Stored items:
definition is_part_of :: "nat \<Rightarrow> setpart \<Rightarrow> bool" where
  "is_part_of n P \<longleftrightarrow> partition_on {1..n} P"

definition is_part :: "setpart \<Rightarrow> bool" where
  "is_part P \<longleftrightarrow> (\<exists>n. is_part_of n P)"

definition degree :: "setpart \<Rightarrow> nat" where
  "degree P = card (\<Union>P)"

definition induced :: "setpart \<Rightarrow> nat set \<Rightarrow> setpart" where
  "induced P X = {b \<inter> X | b. b \<in> P \<and> b \<inter> X \<noteq> {}}"

text \<open>Standardisation: a partition of a finite set of naturals is identified with a
partition of {1..k} via the order preserving bijection.\<close>
definition rank_in :: "nat set \<Rightarrow> nat \<Rightarrow> nat" where
  "rank_in X x = card {y \<in> X. y \<le> x}"

definition std :: "setpart \<Rightarrow> setpart" where
  "std P = (\<lambda>b. rank_in (\<Union>P) ` b) ` P"

definition noncrossing :: "setpart \<Rightarrow> bool" where
  "noncrossing P \<longleftrightarrow> \<not> (\<exists>B1\<in>P. \<exists>B2\<in>P. B1 \<noteq> B2 \<and>
      (\<exists>a b c d. a < c \<and> c < b \<and> b < d \<and> a \<in> B1 \<and> b \<in> B1 \<and> c \<in> B2 \<and> d \<in> B2))"

definition finer :: "setpart \<Rightarrow> setpart \<Rightarrow> bool" where
  "finer P Q \<longleftrightarrow> (\<forall>b\<in>P. \<exists>c\<in>Q. b \<subseteq> c)"

definition nc_closure :: "setpart \<Rightarrow> setpart" where
  "nc_closure P = (THE Q. partition_on (\<Union>P) Q \<and> noncrossing Q \<and> finer P Q \<and>
      (\<forall>Q'. partition_on (\<Union>P) Q' \<and> noncrossing Q' \<and> finer P Q' \<longrightarrow> finer Q Q'))"

definition conv :: "nat set \<Rightarrow> nat set" where
  "conv X = {Min X..Max X}"
theorem proposition5p5:
  fixes \<zeta> :: "'k::field_char_0" and \<omega> :: "nat \<Rightarrow> nat \<Rightarrow> 'k" and n :: nat
  assumes "alg_closed_type TYPE('k)"
    and "\<zeta> ^ 3 = 1" and "\<zeta> \<noteq> 1"
    and "cube_param n \<omega>"
    and "n \<ge> 1"
  shows "(\<forall>F. F \<in> point_complex n \<omega> \<longleftrightarrow>
             (\<exists>v\<in>{1..n}. independent n (isolation n v (Emat n \<zeta> \<omega>)) F))
       \<and> cdim (point_complex n \<omega>) =
           int (Max {indep_number n (isolation n v (Emat n \<zeta> \<omega>)) | v. v \<in> {1..n}}) - 1"
proof -
  let ?Ind = "\<lambda>v. {T. independent n (isolation n v (Emat n \<zeta> \<omega>)) T}"
  have faces: "F \<in> point_complex n \<omega> \<longleftrightarrow> (\<exists>v\<in>{1..n}. independent n (isolation n v (Emat n \<zeta> \<omega>)) F)"
    for F
    using point_complex_eq_zero_cycle_sets[OF assms(2-4)]
      zero_cycle_set_iff_independent_isolation[OF skew_matrix_Emat[OF assms(2-4)] assms(5)]
    by simp
  then have \<Delta>: "point_complex n \<omega> = (\<Union>v\<in>{1..n}. ?Ind v)" by blast
  have "{} \<in> point_complex n \<omega>"
    using faces[of "{}"] assms(5) independent_empty by auto
  then have "cdim (point_complex n \<omega>) = int (Max (\<Union>v\<in>{1..n}. card ` ?Ind v)) - 1"
    unfolding \<Delta> by (subst cdim_eq_Max_card) (auto simp: finite_independent_sets image_UN)
  also have "\<dots> = int (Max ((\<lambda>v. Max (card ` ?Ind v)) ` {1..n})) - 1"
    using assms(5) independent_empty by (subst Max_UN) (auto simp: finite_independent_sets)
  also have "(\<lambda>v. Max (card ` ?Ind v)) ` {1..n}
      = {indep_number n (isolation n v (Emat n \<zeta> \<omega>)) | v. v \<in> {1..n}}"
    unfolding indep_number_def by blast
  finally show ?thesis using faces by blast
qed

end
lemma fmeet_bigjoin_distrib:
  assumes m: "0 < m" and s: "0 < s"
    and F: "\<And>u. u < m \<Longrightarrow> F u \<in> NCFD" and H: "\<And>w. w < s \<Longrightarrow> H w \<in> NCFD"
  shows "bigjoin (\<lambda>y. fmeet (F (y div s)) (H (y mod s))) (m * s) = fmeet (bigjoin F m) (bigjoin H s)"
proof (rule NCFD_eqI)
  have div_mod: "y div s < m" "y mod s < s" if "y < m * s" for y
    using that s by (auto simp: less_mult_imp_div_less)
  have G: "fmeet (F (y div s)) (H (y mod s)) \<in> NCFD" if "y < m * s" for y
    using div_mod[OF that] F H by (intro fmeet_NCFD)
  have pairs: "(\<lambda>y. g (y div s) (y mod s)) ` {..<m * s} = (\<lambda>(u, w). g u w) ` ({..<m} \<times> {..<s})"
    for g :: "nat \<Rightarrow> nat \<Rightarrow> real"
    by (simp flip: div_mod_image_lessThan_mult[OF s] add: image_image)
  show "bigjoin (\<lambda>y. fmeet (F (y div s)) (H (y mod s))) (m * s) \<in> NCFD"
    using m s G by (intro bigjoin_NCFD) auto
  show "fmeet (bigjoin F m) (bigjoin H s) \<in> NCFD"
    using m s F H by (intro fmeet_NCFD bigjoin_NCFD)
  fix v :: real
  show "bigjoin (\<lambda>y. fmeet (F (y div s)) (H (y mod s))) (m * s) v = fmeet (bigjoin F m) (bigjoin H s) v"
    if "v \<notin> {0..1}"
    using that by (simp add: bigjoin_outside fmeet_outside)
  assume v: "0 \<le> v" "v \<le> 1"
  show "left_env (bigjoin (\<lambda>y. fmeet (F (y div s)) (H (y mod s))) (m * s)) v
      = left_env (fmeet (bigjoin F m) (bigjoin H s)) v"
    using m s F H G v div_mod pairs[of "\<lambda>u w. max (left_env (F u) v) (left_env (H w) v)"]
      Min_max_product[where a = "\<lambda>u. left_env (F u) v" and b = "\<lambda>w. left_env (H w) v"
        and A = "{..<m}" and B = "{..<s}"]
    by (simp add: left_env_bigjoin left_env_fmeet bigjoin_NCFD lessThan_empty_iff)
  show "right_env (bigjoin (\<lambda>y. fmeet (F (y div s)) (H (y mod s))) (m * s)) v
      = right_env (fmeet (bigjoin F m) (bigjoin H s)) v"
    using m s F H G v div_mod pairs[of "\<lambda>u w. min (right_env (F u) v) (right_env (H w) v)"]
      Max_min_product[where a = "\<lambda>u. right_env (F u) v" and b = "\<lambda>w. right_env (H w) v"
        and A = "{..<m}" and B = "{..<s}"]
    by (simp add: right_env_bigjoin right_env_fmeet bigjoin_NCFD lessThan_empty_iff)
qed

theorem lemma1:
  fixes A B C D :: fmat and k m p s n r :: nat
  assumes "0 < k" "0 < m" "0 < p" "0 < s" "0 < n" "0 < r"
    and "fmat_in k m A" and "fmat_in p s B" and "fmat_in m n C" and "fmat_in s r D"
  shows "\<forall>x < k * p. \<forall>z < n * r.
           fcomp (m * s) (ftensor p s A B) (ftensor s r C D) x z
           = ftensor p r (fcomp m A C) (fcomp s B D) x z"
proof (intro allI impI)
  fix x z assume "x < k * p" "z < n * r"
  then have "x div p < k" "x mod p < p" "z div r < n" "z mod r < r"
    using assms by (auto simp: less_mult_imp_div_less)
  then have AC: "\<And>u. u < m \<Longrightarrow> A (x div p) u \<in> NCFD \<and> C u (z div r) \<in> NCFD"
    and BD: "\<And>w. w < s \<Longrightarrow> B (x mod p) w \<in> NCFD \<and> D w (z mod r) \<in> NCFD"
    using assms by (auto simp: fmat_in_def)
  have "fcomp (m * s) (ftensor p s A B) (ftensor s r C D) x z
      = bigjoin (\<lambda>y. fmeet (fmeet (A (x div p) (y div s)) (C (y div s) (z div r)))
                           (fmeet (B (x mod p) (y mod s)) (D (y mod s) (z mod r)))) (m * s)"
    unfolding fcomp_def ftensor_def
    using AC BD assms(4) by (intro bigjoin_cong fmeet_interchange) (auto simp: less_mult_imp_div_less)
  also have "\<dots> = ftensor p r (fcomp m A C) (fcomp s B D) x z"
    unfolding fcomp_def ftensor_def
    using AC BD assms(2,4) by (intro fmeet_bigjoin_distrib fmeet_NCFD) auto
  finally show "fcomp (m * s) (ftensor p s A B) (ftensor s r C D) x z
      = ftensor p r (fcomp m A C) (fcomp s B D) x z" .
qed

end
lemma expect_fixes_commutant:
  assumes "x * u = u * x" "\<And>n j. x * Q n j = Q n j * x"
  shows "expect n x = x"
proof -
  have "Q n j * x * Q n j = x * Q n j" for j
    by (metis assms(2) mult.assoc Q_idem)
  then have "pinch n x = x * (\<Sum>i<2 ^ n. Q n (int i))"
    by (simp add: pinch_def sum_distrib_left)
  moreover have "average n x = x"
  proof -
    have "U (int i) * x * U (- int i) = x" for i
      using commute_U_if_commute_u[OF assms(1), of "- int i"] by (simp add: mult.assoc U_mult_U_mult)
    then have "average n x = (1 / 2 ^ n * real (2 ^ n)) *\<^sub>R x"
      by (simp only: average_def sum_constant_scaleR card_lessThan scaleR_scaleR)
    then show ?thesis
      by simp
  qed
  ultimately show ?thesis
    by (simp add: expect_def sum_Q)
qed

lemma dvd_if_Q_W_Q_nonzero:
  assumes "b \<le> a" "b \<le> n" "Q n i * W m a b k * Q n i \<noteq> 0"
  shows "2 ^ b dvd (i + k) \<and> 2 ^ n dvd (m + 2 ^ a * ((i + k) div 2 ^ b) - i)"
proof -
  obtain N where N: "n = N + b"
    using assms(2) by (metis le_add_diff_inverse2)
  define t where "t = m + 2 ^ a * ((i + k) div 2 ^ b)"
  have W_Q: "W m a b k * Q n i = (if 2 ^ b dvd (i + k) then Q (N + a) t * W m a b k else 0)"
    using W_mult_Q[of m a b k N i] by (simp add: N t_def)
  have "N + a = n + (a - b)"
    using assms(1) N by simp
  then have "Q n i * Q (N + a) t = (if 2 ^ n dvd (t - i) then Q (N + a) t else 0)"
    by (simp add: Q_mult_Q_add)
  moreover have "Q n i * W m a b k * Q n i
      = (if 2 ^ b dvd (i + k) then Q n i * Q (N + a) t * W m a b k else 0)"
    by (simp add: mult.assoc W_Q)
  ultimately show ?thesis
    using assms(3) by (auto simp: t_def split: if_splits)
qed

lemma pinch_W_offdiag:
  assumes "b < a" "b \<le> n"
  obtains j0 e where "pinch n (W m a b k) = Q n j0 * e * Q n j0" "norm e \<le> 1"
proof -
  define w where "w = W m a b k"
  show ?thesis
  proof (cases "\<exists>i0<2 ^ n. Q n (int i0) * w * Q n (int i0) \<noteq> 0")
    case True
    then obtain i0 where i0: "i0 < 2 ^ n" "Q n (int i0) * w * Q n (int i0) \<noteq> 0"
      by blast
    have "Q n (int i) * w * Q n (int i) = 0" if "i < 2 ^ n" "i \<noteq> i0" for i
      using that i0 dvd_if_Q_W_Q_nonzero[of b a n] assms
        dyadic_fixed_point_unique[of b a i n i0 k m] unfolding w_def by force
    then have "pinch n w = Q n (int i0) * w * Q n (int i0)"
      unfolding pinch_def using i0(1) by (subst sum.remove[of _ i0]) (auto intro: sum.neutral)
    then show ?thesis
      using that norm_W unfolding w_def by blast
  next
    case False
    then have "pinch n w = Q n 0 * 0 * Q n 0"
      unfolding pinch_def by (auto intro: sum.neutral)
    then show ?thesis
      using that unfolding w_def by fastforce
  qed
qed

lemma norm_expect_W_offdiag:
  assumes "b < a" "b \<le> n"
  shows "(norm (expect n (W m a b k)))\<^sup>2 \<le> inverse (2 ^ n)"
proof -
  obtain j0 e where je: "pinch n (W m a b k) = Q n j0 * e * Q n j0" "norm e \<le> 1"
    using pinch_W_offdiag[OF assms] by blast
  \<comment> \<open>Averaging spreads the block over \<open>2 ^ n\<close> orthogonal blocks \<open>e' i\<close> of norm at most 1.\<close>
  define e' where "e' i = Q n (j0 + int i) * (U (int i) * e * U (- int i)) * Q n (j0 + int i)" for i
  have "U (int i) * (Q n j0 * e * Q n j0) * U (- int i) = e' i" for i
  proof -
    have "Q n j0 * U (- int i) = U (- int i) * Q n (j0 + int i)"
      using U_mult_Q[of "- int i" n "j0 + int i"] by simp
    then show ?thesis
      by (simp add: e'_def U_mult_Q mult.assoc flip: mult.assoc[of "U (int i)" "Q n j0"])
  qed
  then have expect_eq: "expect n (W m a b k) = (1 / 2 ^ n) *\<^sub>R sum e' {..<2 ^ n}"
    by (simp add: expect_def average_def je)
  have "adj (e' i) * e' j = 0" if "i < 2 ^ n" "j < 2 ^ n" "i \<noteq> j" for i j
    using Q_mult_Q_distinct[OF that]
    by (simp add: e'_def adj_mult adj_Q mult.assoc
        flip: mult.assoc[of "Q n (j0 + int i)" "Q n (j0 + int j)"])
  then have "(norm (sum e' {..<2 ^ n}))\<^sup>2 \<le> (\<Sum>i<2 ^ n. (norm (e' i))\<^sup>2)"
    by (intro norm_sum_orthogonal) auto
  also have "\<dots> \<le> (\<Sum>i<(2::nat) ^ n. 1)"
    unfolding e'_def using je(2)
    by (intro sum_mono power_le_one norm_ge_zero order_trans[OF norm_mult3_le] norm_Q norm_U)
  finally have "(norm (sum e' {..<2 ^ n}))\<^sup>2 \<le> 2 ^ n"
    by simp
  then have "(norm (sum e' {..<2 ^ n}))\<^sup>2 / (2 ^ n)\<^sup>2 \<le> 2 ^ n / (2 ^ n)\<^sup>2"
    by (rule divide_right_mono) simp
  then show ?thesis
    by (simp add: expect_eq power_divide power2_eq_square inverse_eq_divide)
qed

lemma pinch_W_diag:
  assumes "a \<le> n" "\<not> 2 ^ n dvd (m + k)"
  shows "pinch n (W m a a k) = 0"
  unfolding pinch_def
proof (rule sum.neutral, rule ballI, rule ccontr)
  fix i assume "Q n (int i) * W m a a k * Q n (int i) \<noteq> 0"
  then have "2 ^ a dvd (int i + k)" "2 ^ n dvd (m + 2 ^ a * ((int i + k) div 2 ^ a) - int i)"
    using dvd_if_Q_W_Q_nonzero[of a a n "int i" m k] assms(1) by auto
  then show False
    using assms(2) by (simp add: add.assoc)
qed

lemma pinch_Q:
  assumes "a \<le> n"
  shows "pinch n (Q a m) = Q a m"
proof -
  obtain c where c: "n = a + c"
    using assms by (metis le_add_diff_inverse)
  have "Q n (int i) * Q a m * Q n (int i) = Q n (int i) * Q a m" for i
  proof -
    have "Q a m * Q n (int i) = (if 2 ^ a dvd (int i - m) then Q n (int i) else 0)"
      using Q_mult_Q_add[of a m c "int i"] by (simp add: c)
    moreover have "Q n (int i) * Q a m = adj (Q a m * Q n (int i))"
      by (simp add: adj_mult adj_Q)
    ultimately show ?thesis
      by (simp add: mult.assoc adj_Q Q_idem)
  qed
  then show ?thesis
    by (simp add: pinch_def sum_Q flip: sum_distrib_right)
qed

lemma average_Q:
  assumes "a \<le> n"
  shows "average n (Q a m) = (1 / 2 ^ a :: real) *\<^sub>R 1"
proof -
  obtain d where d: "n = a + d"
    using assms by (metis le_add_diff_inverse)
  have "average n (Q a m) = (1 / 2 ^ n) *\<^sub>R (\<Sum>i<2 ^ (a + d). Q a (m + int i))"
    by (simp add: average_def d U_Q_U add.commute)
  also have "\<dots> = (1 / 2 ^ n * 2 ^ d :: real) *\<^sub>R 1"
    by (simp add: sum_Q_multiple_periods)
  also have "(1 / 2 ^ n * 2 ^ d :: real) = 1 / 2 ^ a"
    by (simp add: d power_add)
  finally show ?thesis .
qed

lemma expect_W_diag_eq_0:
  assumes "m + k \<noteq> 0" "a + nat \<bar>m + k\<bar> \<le> n"
  shows "expect n (W m a a k) = 0"
proof -
  have "int n < 2 ^ n"
    using less_exp[of n] by (metis of_nat_less_iff of_nat_numeral of_nat_power)
  then have "\<bar>m + k\<bar> < 2 ^ n"
    using assms(2) by linarith
  then have "\<not> 2 ^ n dvd (m + k)"
    using assms(1) zdvd_imp_le[of "2 ^ n" "\<bar>m + k\<bar>"] by auto
  then show ?thesis
    using assms(2) by (simp add: expect_def pinch_W_diag average_def)
qed

lemma expect_W_offdiag_tendsto_0:
  assumes "a \<noteq> b"
  shows "(\<lambda>n. expect n (W m a b k)) \<longlonglongrightarrow> 0"
proof -
  have "\<forall>\<^sub>F n in sequentially. (norm (expect n (W m a b k)))\<^sup>2 \<le> inverse (2 ^ n)"
  proof (cases "b < a")
    case True
    show ?thesis
      using eventually_ge_at_top[of b] by eventually_elim (rule norm_expect_W_offdiag[OF True])
  next
    case False
    show ?thesis
      using eventually_ge_at_top[of a]
    proof eventually_elim
      case (elim n)
      have "adj (expect n (W m a b k)) = expect n (W (- k) b a (- m))"
        by (simp add: adj_W flip: expect_adj)
      then have "norm (expect n (W m a b k)) = norm (expect n (W (- k) b a (- m)))"
        using norm_adj by metis
      then show ?case
        using norm_expect_W_offdiag[of a b n "- k" "- m"] assms False elim by simp
    qed
  qed
  then have "\<forall>\<^sub>F n in sequentially. norm (expect n (W m a b k)) \<le> sqrt (inverse (2 ^ n))"
    by eventually_elim (rule real_le_rsqrt)
  moreover have "(\<lambda>n. sqrt (inverse (2 ^ n))) \<longlonglongrightarrow> 0"
    using tendsto_real_sqrt[OF LIMSEQ_inverse_realpow_zero[of 2]] by simp
  ultimately show ?thesis
    by (rule Lim_null_comparison)
qed
(* Basis exchange between a base meeting A in p elements and one meeting it in q < p:
  swapping an element of A for one outside A moves both levels one step towards each other
  while keeping the sum of the incidence vectors. *)
lemma level_exchange:
  fixes A :: "'n::finite set"
  assumes B: "B \<in> level_bases r A p p" and B': "B' \<in> level_bases r A q q" and "q < p"
  obtains C C' where "C \<in> level_bases r A (p - 1) (p - 1)" "C' \<in> level_bases r A (q + 1) (q + 1)"
    "incidence_vec B + incidence_vec B' = incidence_vec C + incidence_vec C'"
proof -
  have card: "card B = r" "card B' = r" "card (B \<inter> A) = p" "card (B' \<inter> A) = q"
    using B B' by (auto simp: level_bases_def)
  have "\<not> B \<inter> A \<subseteq> B' \<inter> A"
    using card \<open>q < p\<close> card_mono[of "B' \<inter> A" "B \<inter> A"] by auto
  then obtain a where a: "a \<in> B" "a \<in> A" "a \<notin> B'" by auto
  have "card (B - A) = r - p" "card (B' - A) = r - q" "p \<le> r"
    using card card_Diff_subset_Int[of B A] card_Diff_subset_Int[of B' A]
      card_mono[of B "B \<inter> A"] by auto
  then have "\<not> B' - A \<subseteq> B - A"
    using \<open>q < p\<close> card_mono[of "B - A" "B' - A"] by auto
  then obtain b where b: "b \<in> B'" "b \<notin> A" "b \<notin> B" by auto
  define C where "C = insert b (B - {a})"
  define C' where "C' = insert a (B' - {b})"
  have "C \<inter> A = B \<inter> A - {a}" "C' \<inter> A = insert a (B' \<inter> A)"
    unfolding C_def C'_def using a b by auto
  moreover have "card C = r" "card C' = r"
    unfolding C_def C'_def using a b card card_gt_0_iff[of B] by (auto simp: card.insert_remove)
  ultimately have "C \<in> level_bases r A (p - 1) (p - 1)" "C' \<in> level_bases r A (q + 1) (q + 1)"
    using a card by (auto simp: level_bases_def)
  moreover have "incidence_vec B + incidence_vec B' = incidence_vec C + incidence_vec C'"
    unfolding incidence_vec_def C_def C'_def vec_eq_iff using a b by auto
  ultimately show ?thesis using that by blast
qed

lemma level_hull_exchange:
  fixes A :: "'n::finite set"
  assumes "q < p"
  shows "level_hull r A p p + level_hull r A q q
     \<subseteq> level_hull r A (p - 1) (p - 1) + level_hull r A (q + 1) (q + 1)"
proof -
  have "incidence_vec ` level_bases r A p p + incidence_vec ` level_bases r A q q
     \<subseteq> incidence_vec ` level_bases r A (p - 1) (p - 1) + incidence_vec ` level_bases r A (q + 1) (q + 1)"
  proof
    fix x assume "x \<in> incidence_vec ` level_bases r A p p + incidence_vec ` level_bases r A q q"
    then obtain B B' where "B \<in> level_bases r A p p" "B' \<in> level_bases r A q q"
      and x: "x = incidence_vec B + incidence_vec B'" by (auto simp: set_plus_def)
    with assms obtain C C' where "C \<in> level_bases r A (p - 1) (p - 1)"
      "C' \<in> level_bases r A (q + 1) (q + 1)" "x = incidence_vec C + incidence_vec C'"
      by (metis level_exchange)
    then show "x \<in> incidence_vec ` level_bases r A (p - 1) (p - 1)
                  + incidence_vec ` level_bases r A (q + 1) (q + 1)"
      by blast
  qed
  then show ?thesis by (metis convex_hull_set_plus hull_mono)
qed

lemma level_hull_split:
  fixes A :: "'n::finite set"
  assumes "q + 2 \<le> p"
  shows "level_hull r A q p \<subseteq> level_hull r A (q + 1) p \<union> level_hull r A q (p - 1)"
proof -
  have layers: "level_bases r A q p
      = level_bases r A p p \<union> level_bases r A q q \<union> level_bases r A (q + 1) (p - 1)"
    using assms by (auto simp: level_bases_def)
  have mid: "level_hull r A (p - 1) (p - 1) \<union> level_hull r A (q + 1) (q + 1)
      \<subseteq> level_hull r A (q + 1) p \<inter> level_hull r A q (p - 1)"
    using assms level_hull_mono[of "q + 1" _ _ p r A] level_hull_mono[of q _ _ "p - 1" r A] by auto
  show ?thesis
    unfolding layers image_Un
  proof (rule convex_hull_Un_split)
    fix y z
    assume "y \<in> level_hull r A p p" "z \<in> level_hull r A q q"
    then have "y + z \<in> level_hull r A (p - 1) (p - 1) + level_hull r A (q + 1) (q + 1)"
      using level_hull_exchange[of q p r A] assms by (auto intro: set_plus_intro)
    then show "\<exists>u v. u \<in> level_hull r A (q + 1) p \<inter> level_hull r A q (p - 1) \<and>
                     v \<in> level_hull r A (q + 1) p \<inter> level_hull r A q (p - 1) \<and> y + z = u + v"
      using mid by (force simp: set_plus_def)
  qed (use assms in \<open>auto simp: level_bases_def intro!: hull_inc\<close>)
qed

(* By induction on p - q, peeling off levels with level_hull_split; when
  only the levels m and m+1 remain, convex_hull_slice applies. *)
lemma level_hull_cut:
  fixes A :: "'n::finite set"
  assumes "x \<in> level_hull r A q p" and "incidence_vec A \<bullet> x \<le> real m"
  shows "x \<in> level_hull r A 0 m"
  using assms
proof (induction "p - q" arbitrary: q p rule: less_induct)
  case less
  consider "p \<le> m" | "q + 2 \<le> p" | "q = m" "p = m + 1"
    using less.prems level_hull_ge[of r A q p] by force
  then show ?case
  proof cases
    case 1
    then show ?thesis using less.prems level_hull_mono[of 0 q p m r A] by auto
  next
    case 2
    then have "x \<in> level_hull r A (q + 1) p \<union> level_hull r A q (p - 1)"
      using level_hull_split less.prems(1) by blast
    then show ?thesis
      using less.hyps[of p "q + 1"] less.hyps[of "p - 1" q] 2 less.prems(2) by fastforce
  next
    case 3
    have "{v \<in> incidence_vec ` level_bases r A m (m + 1). incidence_vec A \<bullet> v = real m}
        \<subseteq> incidence_vec ` level_bases r A 0 m"
      by (auto simp: level_bases_def incidence_vec_inner Int_commute)
    moreover have "x \<in> convex hull {v \<in> incidence_vec ` level_bases r A m (m + 1). incidence_vec A \<bullet> v = real m}"
      using 3 less.prems
      by (intro convex_hull_slice) (auto simp: level_bases_def incidence_vec_inner Int_commute)
    ultimately show ?thesis by (meson hull_mono subsetD)
  qed
qed

lemma uniform_eq_level: "uniform_matroid r = level_bases r (A::'n::finite set) 0 r"
  unfolding uniform_matroid_def level_bases_def by (auto intro: card_mono)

**How to complete this task**.
From the data above, copy each line that holds "define".

**Problem solution**.
  define t where "t = m + 2 ^ a * ((i + k) div 2 ^ b)"
  define w where "w = W m a b k"
  define e' where "e' i = Q n (j0 + int i) * (U (int i) * e * U (- int i)) * Q n (j0 + int i)" for i
  define C where "C = insert b (B - {a})"
  define C' where "C' = insert a (B' - {b})"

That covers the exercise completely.